START Record set
text \<open>Words act on functions from sheets to A v0. Only the values on reduced sheets are
  meaningful: the relations of the presentation are respected there (act_gog_eq).\<close>

definition act_letter ::
    "'v \<Rightarrow> ('v,'e,'a) letter \<Rightarrow> (('e \<times> bool) list \<Rightarrow> 'a) \<Rightarrow> ('e \<times> bool) list \<Rightarrow> 'a" where
  "act_letter v0 l f = (case l of
      VL w a \<Rightarrow> if w \<in> V \<and> a \<in> carrier (A w) then (\<lambda>x. sheet_map v0 x w a \<otimes>\<^bsub>A v0\<^esub> f x) else f
    | TL e b \<Rightarrow> if e \<in> edges \<G> - T then f \<circ> tau e b else f)"

definition act :: "'v \<Rightarrow> ('v,'e,'a) letter list \<Rightarrow> (('e \<times> bool) list \<Rightarrow> 'a) \<Rightarrow> ('e \<times> bool) list \<Rightarrow> 'a" where
  "act v0 ws f = foldr (act_letter v0) ws f"

lemma act_Nil [simp]: "act v0 [] f = f"
  and act_Cons [simp]: "act v0 (l # ws) f = act_letter v0 l (act v0 ws f)"
  and act_append: "act v0 (u @ w) f = act v0 u (act v0 w f)"
  unfolding act_def by simp_all

lemma act_letter_VL:
  "w \<in> V \<Longrightarrow> a \<in> carrier (A w) \<Longrightarrow> act_letter v0 (VL w a) f = (\<lambda>x. sheet_map v0 x w a \<otimes>\<^bsub>A v0\<^esub> f x)"
  unfolding act_letter_def by simp

lemma act_letter_TL:
  "act_letter v0 (TL e b) f = (if e \<in> edges \<G> - T then f \<circ> tau e b else f)"
  unfolding act_letter_def by simp

lemma act_in_carrier:
  assumes v0: "v0 \<in> V"
  shows "f \<in> UNIV \<rightarrow> carrier (A v0) \<Longrightarrow> act v0 ws f \<in> UNIV \<rightarrow> carrier (A v0)"
proof (induction ws)
  case (Cons l ws)
  then show ?case
    using hom_in_carrier[OF sheet_map_hom[OF v0]] group.is_monoid[OF group_vgrp[OF v0]]
    by (auto simp: act_letter_def monoid.m_closed Pi_iff split: letter.split)
qed simp

lemma act_cong_reduced:
  "\<forall>x. reduced x \<longrightarrow> f x = f' x \<Longrightarrow> \<forall>x. reduced x \<longrightarrow> act v0 ws f x = act v0 ws f' x"
  by (induction ws) (auto simp: act_letter_def reduced_tau split: letter.split)
(* Let $(X,f)$ be a dynamical system and $\mathbf{a}=(a_1,\dots,a_r)\in\mathbb{N}^r_*$. The following are equivalent: (1) $(X,f)$ is $\Delta$-$\mathbf{a}$-transitive; (2) $(X,f)$ is $\mathcal{F}[\mathbf{a}]$-point transitive; (3) $Trans_{\mathcal{F}[\mathbf{a}]}(X,f)$ is residual in $X$.
   Context: A dynamical system is a pair $(X,f)$ with $X$ a compact metric space and $f:X\to X$ continuous. $\mathbb{N}=\{1,2,\dots\}$, $\mathbb{Z}_+=\{0,1,2,\dots\}$; $\mathbb{N}^r_*=\{(n_1,\dots,n_r)\in\mathbb{N}^r: n_1<\dots<n_r\}$. $N(x,U)=\{n\in\mathbb{N}: f^n(x)\in U\}$. For a family $\mathcal{F}$ of subsets of $\mathbb{N}$, $x$ is an $\mathcal{F}$-transitive point if $N(x,U)\in\mathcal{F}$ for every non-empty open $U\subset X$; $Trans_{\mathcal{F}}(X,f)$ is the set of such points; $(X,f)$ is $\mathcal{F}$-point transitive if it is non-empty. For a system $(Y,g)$, $y$ is a transitive point if its $\omega$-limit set equals $Y$. $(X,f)$ is $\Delta$-$\mathbf{a}$-transitive if there is $x\in X$ such that $(x,\dots,x)$ is a transitive point of $(X^r,f^{a_1}\times\dots\times f^{a_r})$. $\mathcal{F}[\mathbf{a}]$ is the collection of all $F\subset\mathbb{N}$ such that for every $(n_1,\dots,n_r)\in\mathbb{Z}_+^r$ there is $k\in\mathbb{N}$ with $ka_i+n_i\in F$ for all $i=1,\dots,r$. *)

theory Defs
  imports "HOL-Analysis.Analysis"
begin

definition strict_incr_pos :: "nat list \<Rightarrow> bool" where
  "strict_incr_pos a \<longleftrightarrow> a \<noteq> [] \<and> sorted_wrt (<) a \<and> (\<forall>i<length a. a ! i \<ge> 1)"

definition omega_limit_in :: "'b topology \<Rightarrow> ('b \<Rightarrow> 'b) \<Rightarrow> 'b \<Rightarrow> 'b set" where
  "omega_limit_in T g y = {z \<in> topspace T. \<forall>V. openin T V \<and> z \<in> V \<longrightarrow> infinite {n. (g ^^ n) y \<in> V}}"

definition transitive_point_in :: "'b topology \<Rightarrow> ('b \<Rightarrow> 'b) \<Rightarrow> 'b \<Rightarrow> bool" where
  "transitive_point_in T g y \<longleftrightarrow> omega_limit_in T g y = topspace T"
END Record set
This calls for an exact transcription of every entry above.

» **Result of the task**
text \<open>Words act on functions from sheets to A v0. Only the values on reduced sheets are
  meaningful: the relations of the presentation are respected there (act_gog_eq).\<close>

definition act_letter ::
    "'v \<Rightarrow> ('v,'e,'a) letter \<Rightarrow> (('e \<times> bool) list \<Rightarrow> 'a) \<Rightarrow> ('e \<times> bool) list \<Rightarrow> 'a" where
  "act_letter v0 l f = (case l of
      VL w a \<Rightarrow> if w \<in> V \<and> a \<in> carrier (A w) then (\<lambda>x. sheet_map v0 x w a \<otimes>\<^bsub>A v0\<^esub> f x) else f
    | TL e b \<Rightarrow> if e \<in> edges \<G> - T then f \<circ> tau e b else f)"

definition act :: "'v \<Rightarrow> ('v,'e,'a) letter list \<Rightarrow> (('e \<times> bool) list \<Rightarrow> 'a) \<Rightarrow> ('e \<times> bool) list \<Rightarrow> 'a" where
  "act v0 ws f = foldr (act_letter v0) ws f"

lemma act_Nil [simp]: "act v0 [] f = f"
  and act_Cons [simp]: "act v0 (l # ws) f = act_letter v0 l (act v0 ws f)"
  and act_append: "act v0 (u @ w) f = act v0 u (act v0 w f)"
  unfolding act_def by simp_all

lemma act_letter_VL:
  "w \<in> V \<Longrightarrow> a \<in> carrier (A w) \<Longrightarrow> act_letter v0 (VL w a) f = (\<lambda>x. sheet_map v0 x w a \<otimes>\<^bsub>A v0\<^esub> f x)"
  unfolding act_letter_def by simp

lemma act_letter_TL:
  "act_letter v0 (TL e b) f = (if e \<in> edges \<G> - T then f \<circ> tau e b else f)"
  unfolding act_letter_def by simp

lemma act_in_carrier:
  assumes v0: "v0 \<in> V"
  shows "f \<in> UNIV \<rightarrow> carrier (A v0) \<Longrightarrow> act v0 ws f \<in> UNIV \<rightarrow> carrier (A v0)"
proof (induction ws)
  case (Cons l ws)
  then show ?case
    using hom_in_carrier[OF sheet_map_hom[OF v0]] group.is_monoid[OF group_vgrp[OF v0]]
    by (auto simp: act_letter_def monoid.m_closed Pi_iff split: letter.split)
qed simp

lemma act_cong_reduced:
  "\<forall>x. reduced x \<longrightarrow> f x = f' x \<Longrightarrow> \<forall>x. reduced x \<longrightarrow> act v0 ws f x = act v0 ws f' x"
  by (induction ws) (auto simp: act_letter_def reduced_tau split: letter.split)
(* Let $(X,f)$ be a dynamical system and $\mathbf{a}=(a_1,\dots,a_r)\in\mathbb{N}^r_*$. The following are equivalent: (1) $(X,f)$ is $\Delta$-$\mathbf{a}$-transitive; (2) $(X,f)$ is $\mathcal{F}[\mathbf{a}]$-point transitive; (3) $Trans_{\mathcal{F}[\mathbf{a}]}(X,f)$ is residual in $X$.
   Context: A dynamical system is a pair $(X,f)$ with $X$ a compact metric space and $f:X\to X$ continuous. $\mathbb{N}=\{1,2,\dots\}$, $\mathbb{Z}_+=\{0,1,2,\dots\}$; $\mathbb{N}^r_*=\{(n_1,\dots,n_r)\in\mathbb{N}^r: n_1<\dots<n_r\}$. $N(x,U)=\{n\in\mathbb{N}: f^n(x)\in U\}$. For a family $\mathcal{F}$ of subsets of $\mathbb{N}$, $x$ is an $\mathcal{F}$-transitive point if $N(x,U)\in\mathcal{F}$ for every non-empty open $U\subset X$; $Trans_{\mathcal{F}}(X,f)$ is the set of such points; $(X,f)$ is $\mathcal{F}$-point transitive if it is non-empty. For a system $(Y,g)$, $y$ is a transitive point if its $\omega$-limit set equals $Y$. $(X,f)$ is $\Delta$-$\mathbf{a}$-transitive if there is $x\in X$ such that $(x,\dots,x)$ is a transitive point of $(X^r,f^{a_1}\times\dots\times f^{a_r})$. $\mathcal{F}[\mathbf{a}]$ is the collection of all $F\subset\mathbb{N}$ such that for every $(n_1,\dots,n_r)\in\mathbb{Z}_+^r$ there is $k\in\mathbb{N}$ with $ka_i+n_i\in F$ for all $i=1,\dots,r$. *)

theory Defs
  imports "HOL-Analysis.Analysis"
begin

definition strict_incr_pos :: "nat list \<Rightarrow> bool" where
  "strict_incr_pos a \<longleftrightarrow> a \<noteq> [] \<and> sorted_wrt (<) a \<and> (\<forall>i<length a. a ! i \<ge> 1)"

definition omega_limit_in :: "'b topology \<Rightarrow> ('b \<Rightarrow> 'b) \<Rightarrow> 'b \<Rightarrow> 'b set" where
  "omega_limit_in T g y = {z \<in> topspace T. \<forall>V. openin T V \<and> z \<in> V \<longrightarrow> infinite {n. (g ^^ n) y \<in> V}}"

definition transitive_point_in :: "'b topology \<Rightarrow> ('b \<Rightarrow> 'b) \<Rightarrow> 'b \<Rightarrow> bool" where
  "transitive_point_in T g y \<longleftrightarrow> omega_limit_in T g y = topspace T"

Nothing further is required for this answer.